Андрей написал подробные объяснительные для своего начальства, для службы собственной безопасности и для отдела кадров.
Голословные нападки Сереброва он категорически отверг. Угрозы товарища подполковника о наличии аудиозаписей бесед Рязанцева с «Винни-Пухом» оказались блефом. Имелась распечатка единственного телефонного разговора с Ингой Стрельниковой. Там адвокатесса лаконично напоминала о своей просьбе. О какой именно, непонятно. Односложный ответ Рязанцева ясности не добавлял.
Общение с адвокатом майор назвал чисто рабочим:
— Так она злодеев по нашим делам защищает. Сейчас вот — убийцу Расстегаева. Звонила, значит, согласовать ей чего-то надо было. Насчёт передачки вроде. Точно не помню.
Рамки служебной проверки не позволяли комиссии опрашивать гражданских лиц. Впрочем, любая попытка получить пояснения Стрельниковой была обречена на провал. От хитрой лисы откровений не жди.
Насчёт своего обращения к Лукьянову убойщик выкатил складную домашнюю заготовку. Он адреснулся к сотруднику УНП за содействием в проверке инфы в отношении коммерса, на которого мог работать подозреваемый в серийных изнасилованиях. Думал, что у крутого спецподразделения есть доступ к компьютерной базе налоговой инспекции. В подтверждение своих слов Рязанцев предъявил план ОРМ, где имелся соответствующий пункт.
— Почему Лукьянов по-другому говорит? Вероятно, ему начальник велел. Свою разработку просрали и норовят меня крайним сделать. Извиняюсь, вырвалось. Обидно просто. Вот вам по должности положено нас кошмарить. А эти куда лезут? Они такие же менты, как я.

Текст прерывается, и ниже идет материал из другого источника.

definition O_count :: "int^'n^'n \<Rightarrow> int^'n \<Rightarrow> nat" where
  "O_count B b = card {x :: bit^'n. mat_mod2 B *v x = vec_mod2 b}"

definition sim_rel :: "int^'n^'n \<Rightarrow> int^'n \<Rightarrow> ((int^'n) \<times> (int^'n)) set" where
  "sim_rel B b = {(x, y). \<exists>z. x - y = B *v z \<or> x + y + b = B *v z}"

end

theory Submission
  imports Defs "HOL-Computational_Algebra.Primes"
begin

text \<open>
  Write L for the lattice B Z^n and r x = - x - b. Then x ~ y iff y is congruent modulo L to x or
  to r x; since r is an involution compatible with L, the classes of ~ are the orbits of r on
  Z^n / L, hence 2 E(B,b) = |Z^n / L| + #(classes fixed by r).

  The index |Z^n / L| is |det B|. If |det B| > 1, dividing the columns of the adjugate by the gcd
  of their entries and applying Bezout yields a prime p and a vector u with u_i = 1 and
  B u = 0 modulo p; replacing column i of B by B u / p divides the determinant by p, and L is
  the sublattice of index p of the new lattice cut out by the condition p | v_i.

  The class of x is fixed iff 2 x + b = B z for some z, and reducing z modulo 2 gives a bijection
  from the fixed classes onto the solutions of the system modulo 2 (injective because B is).
  If det B = 0, a nonzero linear functional vanishing on L takes at most two values on each
  class among the multiples of a unit vector, so there are infinitely many classes.
\<close>

section \<open>Refining an equivalence relation\<close>

lemma card_refines_sum:
  assumes "R \<subseteq> S" "equiv A R" "equiv A S" "finite (A // S)"
    and fibers: "\<And>Q. Q \<in> A // S \<Longrightarrow> finite {X \<in> A // R. S `` X = Q}"
    and "F \<subseteq> A // R"
  shows "finite F" and "card F = (\<Sum>Q\<in>A // S. card {X \<in> F. S `` X = Q})"
proof -
  have image: "(\<lambda>X. S `` X) ` (A // R) = A // S"
    using refines_equiv_image_eq[OF assms(1-3)] .
  then have "A // R = (\<Union>Q\<in>A // S. {X \<in> A // R. S `` X = Q})" by blast
  then show "finite F"
    using assms(4,6) fibers finite_subset by (metis (no_types, lifting) finite_UN_I)
  moreover have "(\<lambda>X. S `` X) ` F \<subseteq> A // S"
    using image assms(6) by blast
  ultimately have "(\<Sum>Q\<in>A // S. \<Sum>X\<in>{X \<in> F. S `` X = Q}. 1) = (\<Sum>X\<in>F. 1 :: nat)"
    using assms(4) by (intro sum.group)
  then show "card F = (\<Sum>Q\<in>A // S. card {X \<in> F. S `` X = Q})" by simp
qed

lemma matrix_vector_mult_smult_right:
  fixes A :: "'a::comm_semiring_1^'n^'m"
  shows "A *v (c *s x) = c *s (A *v x)"
  by (simp add: vec_eq_iff matrix_vector_mult_def sum_distrib_left mult_ac)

Разговор происходил в кабинете «гестапо». Опер Французов, долговязый, носатый, дёрганый, похожий на дятла, попытался напустить тумана и поймать на противоречиях. Особо, впрочем, он не усердствовал. Понимал, что материал тухлый. И вообще, Французов дорабатывал год и уходил на пенсион. Перспективные проверки ему больше не доверялись.
В части утраты контроля за справкой УСТМ свою вину Рязанцев признал от и до.
— Не выяснил, хотя был обязан!
Прятаться за Фомина не стал, и руководство УУР это оценило. С Фомы будет отдельный спрос. Пока, с учётом нахождения в командировке на Кавказе, дистанционный. Ситуация встанет на паузу. К тому времени, когда он вернётся, утечёт много воды.
Андрей очень надеялся, что резона выметать сор из избы у генерала нет. Себе дороже выйдет. Если материал не пойдёт в прокуратуру, вопрос об уголовной ответственности не поднимется.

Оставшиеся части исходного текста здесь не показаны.